Cara & Kyle on a Lunch Break

[warning: Language & Adult topic]

Cara & Kyle at Lunch - Sitting in the cafeteria at work, best friends Cara & Kyle have a complete and totally random conversation.  Kyle is looking through his phone at his social network newsfeed. 

[Kyle]: So, Netflix is bringing out all the things that my nephew Dave wants to watch next month…(pauses to read more)… oooh, and Reading Rainbow!

[Cara]: (sings) Butterfly in the sky!

[Kyle]: That boy is going to watch Reading Rainbow or I'm going to throw their big ass plasma TV out the window.
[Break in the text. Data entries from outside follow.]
(* Assume $\varphi$ has a bounded density with respect to the spherical Lebesgue measure on $\mathbb{S}^{d-1}$. Then there exists a constant $C_\varphi$, depending only on $\varphi$, such that for every increasing function $f:[0,\infty)\to[0,\infty)$, \[ \int_{\mathsf{P}} f\big(\Phi(T(u_{0:d}))\big)\,d\varphi^{d+1}(u_{0:d})\le C_\varphi\int_1^\infty f(t)\,\frac{1}{t^2}\,dt . \]
   Context: Let $d\ge2$ and let $\varphi$ be an even Borel probability measure on $\mathbb{S}^{d-1}$ whose support is not contained in a great subsphere. For a convex body $K$, $\Phi(K)=\int_{\mathbb{S}^{d-1}}h(K,u)\,d\varphi(u)$ with $h(K,u)=\max_{x\in K}\langle x,u\rangle$. For $u\in\mathbb{S}^{d-1}$ put $H(u,1)^-=\{x\in\mathbb{R}^d:\langle x,u\rangle\le 1\}$. Write $u_{0:d}=(u_0,\dots,u_d)\in(\mathbb{S}^{d-1})^{d+1}$; $\mathsf{P}$ is the set of such tuples with $u_0,\dots,u_d$ not all contained in one closed half sphere, and $T(u_{0:d})=\bigcap_{i=0}^dH(u_i,1)^-$. *)

theory Defs
  imports "HOL-Probability.Probability"
begin

text \<open>Spherical Lebesgue (surface area) measure on the unit sphere of 'a, realised on the
  Borel sets of 'a: sigma(A) = DIM('a) * vol({t x | 0 \<le> t \<le> 1, x \<in> A \<inter> S}),
  i.e. DIM('a) times the pushforward of Lebesgue measure on the unit ball under x \<mapsto> x/|x|.\<close>
definition sphere_lebesgue :: "'a::euclidean_space measure" where
  "sphere_lebesgue =
     density (distr (density lborel (indicator (ball 0 1))) borel (\<lambda>x. x /\<^sub>R norm x))
             (\<lambda>_. ennreal (real DIM('a)))"

definition measure_support :: "'a::metric_space measure \<Rightarrow> 'a set" where
  "measure_support M = {x. \<forall>e>0. emeasure M (ball x e) > 0}"

definition great_subsphere :: "'a::euclidean_space \<Rightarrow> 'a set" where
  "great_subsphere v = {x \<in> sphere 0 1. x \<bullet> v = 0}"

definition supp_fun :: "'a::euclidean_space set \<Rightarrow> 'a \<Rightarrow> real" where
  "supp_fun K u = Sup ((\<lambda>x. x \<bullet> u) ` K)"

definition Phi_fun :: "'a::euclidean_space measure \<Rightarrow> 'a set \<Rightarrow> real" where
  "Phi_fun \<phi> K = (\<integral>u. supp_fun K u \<partial>\<phi>)"

definition halfspace1 :: "'a::euclidean_space \<Rightarrow> 'a set" where
  "halfspace1 u = {x. x \<bullet> u \<le> 1}"
lemma index_Sprod_identity_block:
  "m \<le> k \<Longrightarrow> r + m < N \<Longrightarrow> m \<le> l \<Longrightarrow> l < N \<Longrightarrow> Sprod N w m $$ (r, l) = (if r = l then 1 else 0)"
proof (induction m arbitrary: r l)
  case (Suc m)
  have "Sprod N w m $$ (r, l) = (if r = l then 1 else 0)"
    using Suc by simp
  moreover have "Sprod N w m $$ (r, N - 1 - m) = 0"
    using Suc.IH[of r "N - 1 - m"] Suc.prems k by auto
  ultimately show ?case
    using Suc.prems by (simp add: index_Sprod_Suc)
qed simp

lemma index_Sprod_below_diagonal:
  "m \<le> k \<Longrightarrow> c < r \<Longrightarrow> r + c < N \<Longrightarrow>
    Sprod N w m $$ (r, c) = (if c < m then w (Suc c) $$ (r, 0) else 0)"
proof (induction m)
  case (Suc m)
  let ?P = "Sprod N w m" and ?v = "\<lambda>x. w (Suc m) $$ (x, 0)"
  have m: "m < k" and rc: "r < N" "c < N"
    using Suc.prems by auto
  have v0: "?v x = 0" if "x < N" "\<not> (m < x \<and> x + m < N)" for x
    using supp[OF m] that by (rule supported_col_zero)
  consider "c < m" | "c = m" | "m < c" by linarith
  then show ?case
  proof cases
    case 1
    have "?v (N - 1 - c) = 0"
      using 1 rc by (intro v0) auto
    then show ?thesis
      using Suc 1 rc by (simp add: index_Sprod_Suc)
  next
    case 2
    have P_block: "?P $$ (r, x) = (if r = x then 1 else 0)" if "m \<le> x" "x < N" for x
      using index_Sprod_identity_block[of m r x] that m Suc.prems 2 by simp
    have "?P $$ (r, x) * ?v x = 0" if "x < N" "x \<noteq> r" for x
      using that P_block[of x] v0[of x] by (cases "m < x \<and> x + m < N") auto
    then have "(\<Sum>x<N. ?P $$ (r, x) * ?v x) = ?P $$ (r, r) * ?v r"
      using rc by (intro sum_eq_single) auto
    then show ?thesis
      using Suc 2 rc P_block[of r] P_block[of "N - 1 - m"] k by (simp add: index_Sprod_Suc)
  next
    case 3
    then show ?thesis
      using Suc rc index_Sprod_identity_block[of m r "N - 1 - m"] k by (simp add: index_Sprod_Suc)
  qed
qed simp

end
[Cara]: (keeps singing) It can go twice as high!

[Kyle]: I like Reading Rainbow. But oh my gosh, I wish Netflix had Mr. Rogers.

[Cara]: Well, you know… when you wish upon a star, your dreams come true.

[Kyle]: (looks up from phone) Umm, isn't that from Cinderella? I’m talking about Reading Rainbow and Mr. Rogers. Are you even listening?

[Cara]: I am listening. I’m telling you to wish for it! And I thought that song was from Pinocchio. Yeah, it is. Jiminy cricket sings it. Cinderella sings "A dream is a wish your heart makes". Anyway, you can wish for Mr. Rogers to be on Netflix, just like you wish he would come into your dreams at night.

[Kyle]: More like Steve Rogers in my bedroom.

[Cara]: I told you I don’t share. You can’t have Cpt. Steve Rogers. He is all mine.

[Kyle]: Mm-hmm, right.  Well, anyway… Going back to the Disney thing, I found out recently that my sister-in-law won't let the kids watch Dumbo because she is afraid of the pink elephants.

[Cara]: (stops humming and stares at Kyle) Hmm, that’s interesting. What about the Heffalumps and Woozles, do they scare her too?

[Kyle]: No, she likes that one.

[Cara]: What!? That…   that makes NO sense to me. Pink Elephants – No. Heffalumps, Woozles – Okay.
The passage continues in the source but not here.